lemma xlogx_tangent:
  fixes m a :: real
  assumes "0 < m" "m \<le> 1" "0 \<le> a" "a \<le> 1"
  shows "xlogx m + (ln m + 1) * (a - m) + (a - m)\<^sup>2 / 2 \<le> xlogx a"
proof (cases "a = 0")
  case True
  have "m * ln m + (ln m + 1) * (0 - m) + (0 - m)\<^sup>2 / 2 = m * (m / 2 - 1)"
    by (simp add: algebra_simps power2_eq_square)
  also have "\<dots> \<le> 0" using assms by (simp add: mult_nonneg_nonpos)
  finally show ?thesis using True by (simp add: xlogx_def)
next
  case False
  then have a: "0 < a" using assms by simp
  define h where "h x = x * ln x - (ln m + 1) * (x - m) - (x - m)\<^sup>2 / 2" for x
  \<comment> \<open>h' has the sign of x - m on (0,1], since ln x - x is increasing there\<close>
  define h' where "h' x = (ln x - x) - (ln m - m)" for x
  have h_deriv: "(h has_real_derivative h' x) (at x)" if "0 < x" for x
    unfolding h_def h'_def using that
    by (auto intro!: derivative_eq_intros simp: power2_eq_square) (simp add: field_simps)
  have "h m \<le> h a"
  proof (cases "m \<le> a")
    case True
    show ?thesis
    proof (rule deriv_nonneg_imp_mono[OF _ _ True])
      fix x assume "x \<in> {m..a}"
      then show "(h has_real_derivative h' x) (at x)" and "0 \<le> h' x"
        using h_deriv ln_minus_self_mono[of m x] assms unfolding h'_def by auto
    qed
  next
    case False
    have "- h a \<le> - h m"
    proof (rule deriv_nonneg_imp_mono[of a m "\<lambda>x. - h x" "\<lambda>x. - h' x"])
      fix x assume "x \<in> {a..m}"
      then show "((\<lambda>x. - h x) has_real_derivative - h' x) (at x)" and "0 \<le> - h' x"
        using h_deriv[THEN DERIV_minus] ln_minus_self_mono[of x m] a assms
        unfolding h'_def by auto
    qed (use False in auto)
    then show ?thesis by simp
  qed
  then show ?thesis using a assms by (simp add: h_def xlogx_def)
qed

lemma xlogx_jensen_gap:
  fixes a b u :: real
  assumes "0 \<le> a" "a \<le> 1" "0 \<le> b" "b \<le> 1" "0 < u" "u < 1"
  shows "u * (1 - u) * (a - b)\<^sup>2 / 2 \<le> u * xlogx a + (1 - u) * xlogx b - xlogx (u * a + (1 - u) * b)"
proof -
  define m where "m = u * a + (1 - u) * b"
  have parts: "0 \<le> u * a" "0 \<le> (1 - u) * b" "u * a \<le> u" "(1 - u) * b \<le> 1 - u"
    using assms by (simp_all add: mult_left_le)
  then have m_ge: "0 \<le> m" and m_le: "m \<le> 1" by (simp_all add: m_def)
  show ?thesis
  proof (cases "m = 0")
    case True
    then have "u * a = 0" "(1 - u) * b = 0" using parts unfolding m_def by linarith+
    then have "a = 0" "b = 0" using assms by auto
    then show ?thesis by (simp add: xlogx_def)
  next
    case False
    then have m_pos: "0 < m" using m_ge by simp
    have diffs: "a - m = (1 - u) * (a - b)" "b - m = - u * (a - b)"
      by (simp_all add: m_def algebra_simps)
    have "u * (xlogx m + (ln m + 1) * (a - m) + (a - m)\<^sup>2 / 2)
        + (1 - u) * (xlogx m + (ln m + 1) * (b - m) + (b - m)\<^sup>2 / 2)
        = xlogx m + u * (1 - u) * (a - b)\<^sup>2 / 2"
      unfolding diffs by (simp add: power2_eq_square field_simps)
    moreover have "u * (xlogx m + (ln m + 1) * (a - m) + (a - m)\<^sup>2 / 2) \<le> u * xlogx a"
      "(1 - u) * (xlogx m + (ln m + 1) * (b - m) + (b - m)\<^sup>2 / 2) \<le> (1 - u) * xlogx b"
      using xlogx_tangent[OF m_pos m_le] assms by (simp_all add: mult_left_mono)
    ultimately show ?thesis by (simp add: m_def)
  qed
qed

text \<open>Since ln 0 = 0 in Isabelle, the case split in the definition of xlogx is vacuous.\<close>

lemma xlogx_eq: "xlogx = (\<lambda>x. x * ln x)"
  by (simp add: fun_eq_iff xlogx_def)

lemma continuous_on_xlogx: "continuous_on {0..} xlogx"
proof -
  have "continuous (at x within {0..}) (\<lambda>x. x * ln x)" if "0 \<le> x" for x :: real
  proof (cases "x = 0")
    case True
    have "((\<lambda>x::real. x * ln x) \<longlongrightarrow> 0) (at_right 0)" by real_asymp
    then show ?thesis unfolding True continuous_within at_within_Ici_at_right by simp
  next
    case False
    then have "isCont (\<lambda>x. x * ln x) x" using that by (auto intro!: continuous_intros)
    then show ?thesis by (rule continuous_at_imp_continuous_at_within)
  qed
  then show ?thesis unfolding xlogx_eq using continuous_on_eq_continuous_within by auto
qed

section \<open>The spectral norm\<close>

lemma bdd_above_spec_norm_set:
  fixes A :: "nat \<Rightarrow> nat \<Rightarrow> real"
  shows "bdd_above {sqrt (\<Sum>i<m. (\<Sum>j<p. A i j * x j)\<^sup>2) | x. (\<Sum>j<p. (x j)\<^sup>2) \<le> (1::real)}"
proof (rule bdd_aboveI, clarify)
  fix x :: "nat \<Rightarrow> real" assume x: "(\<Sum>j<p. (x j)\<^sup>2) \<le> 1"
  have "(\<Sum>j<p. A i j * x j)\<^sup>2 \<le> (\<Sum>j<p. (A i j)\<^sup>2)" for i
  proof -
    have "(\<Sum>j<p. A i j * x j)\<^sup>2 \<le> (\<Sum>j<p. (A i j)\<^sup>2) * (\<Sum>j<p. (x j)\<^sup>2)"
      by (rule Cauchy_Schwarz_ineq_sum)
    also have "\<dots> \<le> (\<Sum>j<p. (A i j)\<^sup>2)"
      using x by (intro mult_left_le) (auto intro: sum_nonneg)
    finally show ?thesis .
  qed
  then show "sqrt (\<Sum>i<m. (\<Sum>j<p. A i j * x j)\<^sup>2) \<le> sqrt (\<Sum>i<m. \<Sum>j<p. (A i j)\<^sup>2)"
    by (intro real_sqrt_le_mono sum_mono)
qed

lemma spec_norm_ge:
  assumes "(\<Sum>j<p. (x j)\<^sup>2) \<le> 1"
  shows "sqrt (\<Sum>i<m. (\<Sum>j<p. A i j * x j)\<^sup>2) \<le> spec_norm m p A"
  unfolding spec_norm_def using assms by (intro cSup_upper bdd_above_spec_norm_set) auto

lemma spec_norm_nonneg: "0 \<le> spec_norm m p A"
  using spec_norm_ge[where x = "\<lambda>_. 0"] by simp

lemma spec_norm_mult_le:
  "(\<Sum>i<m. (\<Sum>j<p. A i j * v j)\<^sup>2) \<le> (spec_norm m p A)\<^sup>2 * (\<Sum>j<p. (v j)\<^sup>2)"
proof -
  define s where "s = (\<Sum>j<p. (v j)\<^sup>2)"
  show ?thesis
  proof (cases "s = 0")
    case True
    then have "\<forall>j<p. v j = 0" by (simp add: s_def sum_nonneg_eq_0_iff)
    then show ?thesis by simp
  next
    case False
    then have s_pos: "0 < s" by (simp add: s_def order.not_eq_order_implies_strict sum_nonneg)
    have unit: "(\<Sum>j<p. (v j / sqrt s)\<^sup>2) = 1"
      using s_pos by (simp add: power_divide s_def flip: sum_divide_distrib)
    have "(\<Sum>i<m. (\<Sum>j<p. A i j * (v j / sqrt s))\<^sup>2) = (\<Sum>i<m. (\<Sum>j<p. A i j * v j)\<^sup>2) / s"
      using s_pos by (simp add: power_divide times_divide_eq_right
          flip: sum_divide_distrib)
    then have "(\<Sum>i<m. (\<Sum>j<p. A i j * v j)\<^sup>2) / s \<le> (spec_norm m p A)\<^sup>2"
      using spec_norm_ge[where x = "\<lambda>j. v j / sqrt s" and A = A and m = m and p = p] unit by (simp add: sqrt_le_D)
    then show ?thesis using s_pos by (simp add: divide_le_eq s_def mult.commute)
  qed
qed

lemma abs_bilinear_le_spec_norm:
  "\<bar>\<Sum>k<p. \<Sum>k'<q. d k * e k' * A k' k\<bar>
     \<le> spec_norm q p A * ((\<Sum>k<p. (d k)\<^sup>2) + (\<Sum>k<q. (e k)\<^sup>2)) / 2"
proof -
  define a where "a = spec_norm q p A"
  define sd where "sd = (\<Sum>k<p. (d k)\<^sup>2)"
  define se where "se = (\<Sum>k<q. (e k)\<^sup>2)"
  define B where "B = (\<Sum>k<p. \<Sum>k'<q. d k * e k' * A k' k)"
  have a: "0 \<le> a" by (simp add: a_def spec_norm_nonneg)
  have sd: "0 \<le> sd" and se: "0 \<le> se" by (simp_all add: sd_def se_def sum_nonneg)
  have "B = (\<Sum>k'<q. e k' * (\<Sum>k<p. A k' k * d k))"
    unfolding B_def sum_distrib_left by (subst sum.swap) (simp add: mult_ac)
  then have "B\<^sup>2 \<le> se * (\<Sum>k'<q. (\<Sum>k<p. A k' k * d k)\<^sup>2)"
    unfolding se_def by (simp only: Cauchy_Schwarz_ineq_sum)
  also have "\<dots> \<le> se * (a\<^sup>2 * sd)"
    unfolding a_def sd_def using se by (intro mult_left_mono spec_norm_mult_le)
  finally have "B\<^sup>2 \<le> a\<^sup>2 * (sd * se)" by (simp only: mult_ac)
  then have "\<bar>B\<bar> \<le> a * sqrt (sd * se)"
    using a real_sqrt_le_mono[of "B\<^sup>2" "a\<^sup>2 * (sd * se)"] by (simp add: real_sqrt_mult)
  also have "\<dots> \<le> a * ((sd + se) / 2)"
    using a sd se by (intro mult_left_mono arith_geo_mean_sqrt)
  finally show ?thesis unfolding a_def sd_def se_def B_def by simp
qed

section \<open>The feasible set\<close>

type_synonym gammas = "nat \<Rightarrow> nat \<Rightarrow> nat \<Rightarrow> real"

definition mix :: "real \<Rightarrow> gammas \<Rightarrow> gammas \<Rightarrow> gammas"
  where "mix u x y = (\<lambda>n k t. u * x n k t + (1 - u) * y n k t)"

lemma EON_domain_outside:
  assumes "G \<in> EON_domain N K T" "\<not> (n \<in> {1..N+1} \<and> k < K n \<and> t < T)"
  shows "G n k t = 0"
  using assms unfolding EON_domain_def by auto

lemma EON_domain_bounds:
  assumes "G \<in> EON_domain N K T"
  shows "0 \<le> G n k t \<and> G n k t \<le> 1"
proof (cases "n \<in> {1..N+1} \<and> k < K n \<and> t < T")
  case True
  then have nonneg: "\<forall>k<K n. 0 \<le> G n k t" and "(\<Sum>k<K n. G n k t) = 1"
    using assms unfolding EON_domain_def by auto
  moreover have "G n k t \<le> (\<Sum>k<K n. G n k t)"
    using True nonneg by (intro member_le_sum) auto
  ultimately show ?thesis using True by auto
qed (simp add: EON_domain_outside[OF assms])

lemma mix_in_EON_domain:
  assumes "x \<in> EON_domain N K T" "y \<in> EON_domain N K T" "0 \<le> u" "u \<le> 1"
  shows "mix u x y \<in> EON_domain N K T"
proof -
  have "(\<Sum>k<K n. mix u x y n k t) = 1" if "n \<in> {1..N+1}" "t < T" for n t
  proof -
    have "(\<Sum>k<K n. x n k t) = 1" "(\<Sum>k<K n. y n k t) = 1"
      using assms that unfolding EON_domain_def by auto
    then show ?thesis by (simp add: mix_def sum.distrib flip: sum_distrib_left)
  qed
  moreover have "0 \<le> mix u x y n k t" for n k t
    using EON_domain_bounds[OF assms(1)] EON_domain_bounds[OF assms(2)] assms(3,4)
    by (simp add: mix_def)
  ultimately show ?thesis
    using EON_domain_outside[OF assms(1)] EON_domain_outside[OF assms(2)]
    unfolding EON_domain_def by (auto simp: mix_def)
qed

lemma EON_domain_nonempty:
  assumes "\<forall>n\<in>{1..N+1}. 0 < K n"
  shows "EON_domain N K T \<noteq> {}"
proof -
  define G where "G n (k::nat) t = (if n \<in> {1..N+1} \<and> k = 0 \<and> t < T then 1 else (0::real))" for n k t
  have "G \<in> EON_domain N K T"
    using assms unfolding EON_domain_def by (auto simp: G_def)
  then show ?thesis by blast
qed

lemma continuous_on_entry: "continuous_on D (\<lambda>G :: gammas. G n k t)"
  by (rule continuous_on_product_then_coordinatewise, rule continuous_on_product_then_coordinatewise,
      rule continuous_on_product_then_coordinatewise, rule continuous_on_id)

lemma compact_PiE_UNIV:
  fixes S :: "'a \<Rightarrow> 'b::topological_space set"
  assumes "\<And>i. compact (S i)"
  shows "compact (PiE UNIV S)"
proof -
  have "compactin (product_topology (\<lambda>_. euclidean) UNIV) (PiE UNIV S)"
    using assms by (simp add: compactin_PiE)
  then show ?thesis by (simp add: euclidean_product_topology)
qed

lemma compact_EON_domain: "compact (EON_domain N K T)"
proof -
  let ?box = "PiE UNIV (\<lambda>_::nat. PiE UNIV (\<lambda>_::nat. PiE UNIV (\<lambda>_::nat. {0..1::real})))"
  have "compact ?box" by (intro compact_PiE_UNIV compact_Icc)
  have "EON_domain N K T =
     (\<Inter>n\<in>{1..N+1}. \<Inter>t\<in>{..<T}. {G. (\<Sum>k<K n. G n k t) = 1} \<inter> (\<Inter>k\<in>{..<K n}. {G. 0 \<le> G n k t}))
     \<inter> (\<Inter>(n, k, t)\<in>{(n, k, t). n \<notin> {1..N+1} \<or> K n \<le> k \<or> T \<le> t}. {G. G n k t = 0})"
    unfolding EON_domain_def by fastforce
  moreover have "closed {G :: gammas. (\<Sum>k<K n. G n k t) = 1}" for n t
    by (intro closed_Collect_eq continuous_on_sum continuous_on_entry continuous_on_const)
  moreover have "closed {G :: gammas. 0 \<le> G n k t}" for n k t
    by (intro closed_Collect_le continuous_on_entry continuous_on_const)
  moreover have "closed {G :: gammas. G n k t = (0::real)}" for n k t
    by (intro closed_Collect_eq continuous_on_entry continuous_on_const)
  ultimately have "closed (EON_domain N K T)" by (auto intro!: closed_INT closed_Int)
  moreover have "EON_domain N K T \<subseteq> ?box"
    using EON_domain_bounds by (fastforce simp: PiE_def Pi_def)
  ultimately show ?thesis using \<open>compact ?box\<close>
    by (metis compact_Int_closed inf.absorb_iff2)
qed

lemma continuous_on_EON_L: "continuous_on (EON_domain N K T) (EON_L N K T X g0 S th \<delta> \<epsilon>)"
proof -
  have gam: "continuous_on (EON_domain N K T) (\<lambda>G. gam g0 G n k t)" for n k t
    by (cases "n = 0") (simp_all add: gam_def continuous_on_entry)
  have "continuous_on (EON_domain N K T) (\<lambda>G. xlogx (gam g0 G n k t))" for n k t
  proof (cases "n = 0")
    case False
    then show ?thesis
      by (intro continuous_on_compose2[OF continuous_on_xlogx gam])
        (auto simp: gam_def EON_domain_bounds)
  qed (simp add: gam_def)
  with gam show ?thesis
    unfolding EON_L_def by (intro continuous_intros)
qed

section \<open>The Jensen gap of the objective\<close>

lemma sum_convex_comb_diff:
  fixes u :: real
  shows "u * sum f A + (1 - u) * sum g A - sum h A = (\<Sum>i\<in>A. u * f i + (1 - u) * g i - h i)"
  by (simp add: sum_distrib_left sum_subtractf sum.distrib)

_ _ _

What this task involves:
Return, with no change at all, every line in the entries above from the line containing "(simp only: mult_ac)" through the line containing "using assms that".

Response for this exercise:
  finally have "B\<^sup>2 \<le> a\<^sup>2 * (sd * se)" by (simp only: mult_ac)
  then have "\<bar>B\<bar> \<le> a * sqrt (sd * se)"
    using a real_sqrt_le_mono[of "B\<^sup>2" "a\<^sup>2 * (sd * se)"] by (simp add: real_sqrt_mult)
  also have "\<dots> \<le> a * ((sd + se) / 2)"
    using a sd se by (intro mult_left_mono arith_geo_mean_sqrt)
  finally show ?thesis unfolding a_def sd_def se_def B_def by simp
qed

section \<open>The feasible set\<close>

type_synonym gammas = "nat \<Rightarrow> nat \<Rightarrow> nat \<Rightarrow> real"

definition mix :: "real \<Rightarrow> gammas \<Rightarrow> gammas \<Rightarrow> gammas"
  where "mix u x y = (\<lambda>n k t. u * x n k t + (1 - u) * y n k t)"

lemma EON_domain_outside:
  assumes "G \<in> EON_domain N K T" "\<not> (n \<in> {1..N+1} \<and> k < K n \<and> t < T)"
  shows "G n k t = 0"
  using assms unfolding EON_domain_def by auto

lemma EON_domain_bounds:
  assumes "G \<in> EON_domain N K T"
  shows "0 \<le> G n k t \<and> G n k t \<le> 1"
proof (cases "n \<in> {1..N+1} \<and> k < K n \<and> t < T")
  case True
  then have nonneg: "\<forall>k<K n. 0 \<le> G n k t" and "(\<Sum>k<K n. G n k t) = 1"
    using assms unfolding EON_domain_def by auto
  moreover have "G n k t \<le> (\<Sum>k<K n. G n k t)"
    using True nonneg by (intro member_le_sum) auto
  ultimately show ?thesis using True by auto
qed (simp add: EON_domain_outside[OF assms])

lemma mix_in_EON_domain:
  assumes "x \<in> EON_domain N K T" "y \<in> EON_domain N K T" "0 \<le> u" "u \<le> 1"
  shows "mix u x y \<in> EON_domain N K T"
proof -
  have "(\<Sum>k<K n. mix u x y n k t) = 1" if "n \<in> {1..N+1}" "t < T" for n t
  proof -
    have "(\<Sum>k<K n. x n k t) = 1" "(\<Sum>k<K n. y n k t) = 1"
      using assms that unfolding EON_domain_def by auto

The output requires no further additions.